Go through the lines below. Copy those with "allI".

[Records from a collection]
================

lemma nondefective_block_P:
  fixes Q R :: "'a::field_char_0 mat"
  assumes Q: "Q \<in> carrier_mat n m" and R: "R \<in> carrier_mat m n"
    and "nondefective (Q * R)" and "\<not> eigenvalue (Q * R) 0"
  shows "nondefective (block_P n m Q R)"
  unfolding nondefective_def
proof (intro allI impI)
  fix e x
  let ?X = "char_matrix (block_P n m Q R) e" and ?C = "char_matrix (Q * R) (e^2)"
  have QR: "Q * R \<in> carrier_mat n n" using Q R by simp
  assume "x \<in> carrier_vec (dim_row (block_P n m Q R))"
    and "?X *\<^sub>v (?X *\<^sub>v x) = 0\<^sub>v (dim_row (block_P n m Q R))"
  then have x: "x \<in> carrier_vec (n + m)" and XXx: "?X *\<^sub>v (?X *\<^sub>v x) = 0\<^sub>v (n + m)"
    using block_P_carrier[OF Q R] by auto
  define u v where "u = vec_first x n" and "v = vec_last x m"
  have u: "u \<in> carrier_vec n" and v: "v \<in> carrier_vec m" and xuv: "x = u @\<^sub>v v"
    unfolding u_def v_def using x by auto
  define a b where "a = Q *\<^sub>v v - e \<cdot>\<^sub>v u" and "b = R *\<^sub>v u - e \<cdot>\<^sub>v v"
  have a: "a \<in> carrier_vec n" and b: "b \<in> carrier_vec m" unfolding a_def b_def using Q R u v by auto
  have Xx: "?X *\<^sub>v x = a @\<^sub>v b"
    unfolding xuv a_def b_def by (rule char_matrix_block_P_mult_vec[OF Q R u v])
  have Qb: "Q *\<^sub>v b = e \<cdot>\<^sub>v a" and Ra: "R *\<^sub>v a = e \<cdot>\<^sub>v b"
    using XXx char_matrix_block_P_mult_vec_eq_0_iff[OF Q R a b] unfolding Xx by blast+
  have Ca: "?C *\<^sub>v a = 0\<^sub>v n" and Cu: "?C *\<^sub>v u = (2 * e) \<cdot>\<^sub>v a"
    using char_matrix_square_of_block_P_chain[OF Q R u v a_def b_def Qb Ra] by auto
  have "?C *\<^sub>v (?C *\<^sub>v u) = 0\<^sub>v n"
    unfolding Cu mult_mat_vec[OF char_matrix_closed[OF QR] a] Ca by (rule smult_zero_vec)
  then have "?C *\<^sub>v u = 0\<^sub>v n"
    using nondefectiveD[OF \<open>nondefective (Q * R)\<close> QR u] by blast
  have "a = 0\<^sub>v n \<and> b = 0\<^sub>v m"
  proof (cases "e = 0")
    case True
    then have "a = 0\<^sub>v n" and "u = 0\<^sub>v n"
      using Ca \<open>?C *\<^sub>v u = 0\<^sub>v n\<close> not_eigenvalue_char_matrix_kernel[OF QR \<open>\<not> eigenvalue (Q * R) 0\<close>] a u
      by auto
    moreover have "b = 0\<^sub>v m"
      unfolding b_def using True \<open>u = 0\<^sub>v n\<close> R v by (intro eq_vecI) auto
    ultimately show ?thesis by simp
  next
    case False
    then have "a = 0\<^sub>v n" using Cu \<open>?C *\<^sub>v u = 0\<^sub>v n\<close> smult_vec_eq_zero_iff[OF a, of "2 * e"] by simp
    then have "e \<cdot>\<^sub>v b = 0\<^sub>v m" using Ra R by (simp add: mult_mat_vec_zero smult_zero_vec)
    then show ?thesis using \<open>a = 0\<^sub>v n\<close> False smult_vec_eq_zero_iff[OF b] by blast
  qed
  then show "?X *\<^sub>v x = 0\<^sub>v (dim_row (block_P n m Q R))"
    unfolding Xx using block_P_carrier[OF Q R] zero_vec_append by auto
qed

================

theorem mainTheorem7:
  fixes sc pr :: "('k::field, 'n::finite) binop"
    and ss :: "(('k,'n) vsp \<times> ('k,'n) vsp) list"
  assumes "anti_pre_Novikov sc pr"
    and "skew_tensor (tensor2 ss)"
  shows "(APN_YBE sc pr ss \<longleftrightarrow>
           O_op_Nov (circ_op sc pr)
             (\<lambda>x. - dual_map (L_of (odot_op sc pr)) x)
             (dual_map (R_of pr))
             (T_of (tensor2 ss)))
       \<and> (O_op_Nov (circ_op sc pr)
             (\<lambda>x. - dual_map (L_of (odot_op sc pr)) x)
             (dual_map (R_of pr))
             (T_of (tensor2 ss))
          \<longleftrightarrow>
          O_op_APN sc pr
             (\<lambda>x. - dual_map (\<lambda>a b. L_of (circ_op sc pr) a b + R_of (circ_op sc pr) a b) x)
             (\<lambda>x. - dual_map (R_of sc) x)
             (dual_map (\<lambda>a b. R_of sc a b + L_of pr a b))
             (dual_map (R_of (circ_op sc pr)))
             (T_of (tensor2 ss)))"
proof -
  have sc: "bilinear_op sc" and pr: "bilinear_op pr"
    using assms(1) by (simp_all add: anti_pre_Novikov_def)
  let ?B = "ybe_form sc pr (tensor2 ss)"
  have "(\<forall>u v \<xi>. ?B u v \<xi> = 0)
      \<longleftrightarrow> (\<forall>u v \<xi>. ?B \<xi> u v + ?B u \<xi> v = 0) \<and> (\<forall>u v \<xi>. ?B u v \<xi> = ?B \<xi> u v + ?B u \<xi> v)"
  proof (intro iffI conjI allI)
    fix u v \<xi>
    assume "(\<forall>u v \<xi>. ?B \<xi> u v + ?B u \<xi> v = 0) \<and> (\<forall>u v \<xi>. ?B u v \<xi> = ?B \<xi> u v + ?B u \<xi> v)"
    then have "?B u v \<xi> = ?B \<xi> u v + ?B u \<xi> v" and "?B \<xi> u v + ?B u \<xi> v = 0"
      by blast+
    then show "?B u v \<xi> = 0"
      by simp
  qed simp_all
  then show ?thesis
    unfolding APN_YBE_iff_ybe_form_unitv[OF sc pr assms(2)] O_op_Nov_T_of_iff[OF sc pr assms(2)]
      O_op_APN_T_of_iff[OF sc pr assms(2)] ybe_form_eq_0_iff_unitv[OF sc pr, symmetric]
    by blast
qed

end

================

§ **ANSWER FOR THE TASK**:
proof (intro allI impI)
  proof (intro iffI conjI allI)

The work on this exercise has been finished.